Высылали фабриканты в разведку слуг своих – фабричных инспекторов. Старший губернский инспектор просил собраться обе стороны в мещанской управе и даже сам предложил совету рабочему выбрать на том заседании председателя – ишь ты, куда заметал. А потом – лисой… лисой… лисой…

– Вам, товарищи рабочие, самое удобное – это разобраться по фабрикам и вразбивку отстаивать свои требования.

– Мы же вам заявили на площади, – оборвали резко инспектора, – на то выбран совет, чтобы действовать дружно. Не бывать тому, чего хотите, и думать забудьте, господин инспектор…

Закусил инспектор удила – промолчал. Обсуждались требования, выработанные советом, – несколько десятков пунктов. Разбирали, поясняли, принимали. Среди заседанья прибежал кто-то от фабрикантов.

– В типографии требуется срочно отпечатать бумагу хозяину…

– Нельзя печатать!

– Но ему необходимо…

– Нам вот тоже тут необходимо: совет не разрешает печатать.

Масленой лисицей засластил было снова инспектор, хотел уговорить, убедить, но его и тут посадили:

– Обсуждайте пункты, господин инспектор, а насчет работы совет один справится: нельзя печатать!

Вспыхнул гневом инспектор, лязгнул в бессилье зубами и опять смолчал. Два его сопомощника тихо попыхивали глубоко припрятанным гневом.
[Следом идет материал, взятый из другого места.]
(* For any integers $n\ge1$ and $0<r\le n$, there is an $r$-covering code $C\subseteq2^n$ with $$|C|=S:=\left\lceil\ln(2)(n+1)\frac{2^n}{V(n,r)}\right\rceil$$ such that for every integer $q\in[r,n]$ and every $\tau\in2^n$, $$|B_q(\tau)\cap C|<S_q:=\left\lceil5(n+1)\frac{V(n,q)}{V(n,r)}\right\rceil.$$
   Context: For $\sigma,\tau\in2^n$, $\Delta(\sigma,\tau)$ is the Hamming distance (number of differing positions), $B_q(\tau)=\{\sigma\in2^n:\Delta(\sigma,\tau)\le q\}$ and $V(n,q)=|B_q(\tau)|=\sum_{i\le q}\binom ni$. A code $C\subseteq2^n$ is $r$-covering if for every $\tau\in2^n$ there is $\sigma\in C$ with $\Delta(\tau,\sigma)\le r$. *)

theory Defs
  imports Complex_Main
begin

definition cube :: "nat \<Rightarrow> bool list set" where
  "cube n = {xs. length xs = n}"

definition hdist :: "bool list \<Rightarrow> bool list \<Rightarrow> nat" where
  "hdist s t = card {i. i < length s \<and> s ! i \<noteq> t ! i}"

definition hball :: "nat \<Rightarrow> nat \<Rightarrow> bool list \<Rightarrow> bool list set" where
  "hball n q t = {s \<in> cube n. hdist s t \<le> q}"

definition V :: "nat \<Rightarrow> nat \<Rightarrow> nat" where
  "V n q = (\<Sum>i\<le>q. n choose i)"

definition covering :: "nat \<Rightarrow> nat \<Rightarrow> bool list set \<Rightarrow> bool" where
  "covering n r C \<longleftrightarrow> C \<subseteq> cube n \<and> (\<forall>t\<in>cube n. \<exists>s\<in>C. hdist t s \<le> r)"

end

theory Submission
  imports Defs "HOL-Analysis.Harmonic_Numbers"
begin

text \<open>Choose an S-element subset C of the cube 2^n uniformly at random. A ball of radius r
  has V(n,r) points, so it misses C with probability at most
  (1 - S/2^n)^V(n,r) \<le> exp(-S V(n,r)/2^n) \<le> 2^-(n+1).
  A ball of radius q contains k \<ge> S_q points of C with probability at most
  binom(V(n,q),k) (S/2^n)^k \<le> (e V(n,q) S/(2^n k))^k \<le> (3/4)^k \<le> 4^-(n+1).
  A union bound over the 2^n centres and the at most n radii q leaves positive probability
  for a code that covers and is nowhere too dense. Probabilities are expressed by counting
  S-element subsets.\<close>

section \<open>Binomial estimates\<close>

lemma power_div_fact_le_exp:
  fixes x :: real
  assumes "0 \<le> x"
  shows "x ^ k / fact k \<le> exp x"
proof -
  have "summable (\<lambda>n. x ^ n / fact n)"
    using summable_exp_generic[of x] by (simp add: divide_inverse ac_simps)
  then have "(\<Sum>n\<in>{k}. x ^ n / fact n) \<le> (\<Sum>n. x ^ n / fact n)"
    by (rule sum_le_suminf) (use assms in auto)
  then show ?thesis
    by (simp add: exp_def divide_inverse ac_simps)
qed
Что б там ни было, пункты приняли. И политические приняли и фабрикантам всучили, а те похахалились:

– Учредительное собрание? Что же, можно, пожалуйста… Мы не возражаем, хоть завтра… А впрочем, с царем поговорите сначала, – может, он и не захочет. Ха-ха-ха!.. Что же вас касается по существу – гривенник на рубль и – более ни гроша!

А Бурылин, Гарелин ли Мефодка, треснул по дубовому столу кулачищем:

– В Уводи все деньги стоплю… По миру сам пойду, а не дам ни гроша подлецам; пущай дохнут, лучше работу не кидают. Против своего хозяйского слова – шагу не ступлю. Што сказано – свято!

Дикие речи сумасбродного толстосума доходили до рабочих, и в гневной ярости слушали они те слова:

– Забастовку продолжать! На работу не вступать! Врут, гады, – сдадут!

Обе стороны крепки были – каждая по-своему.

Совет собирался в мещанской управе, открытые митинги каждый день собирались на городской управской площади. Скоро объявили власти, что митинги по городу одна помеха – собранья вынесли на Талку.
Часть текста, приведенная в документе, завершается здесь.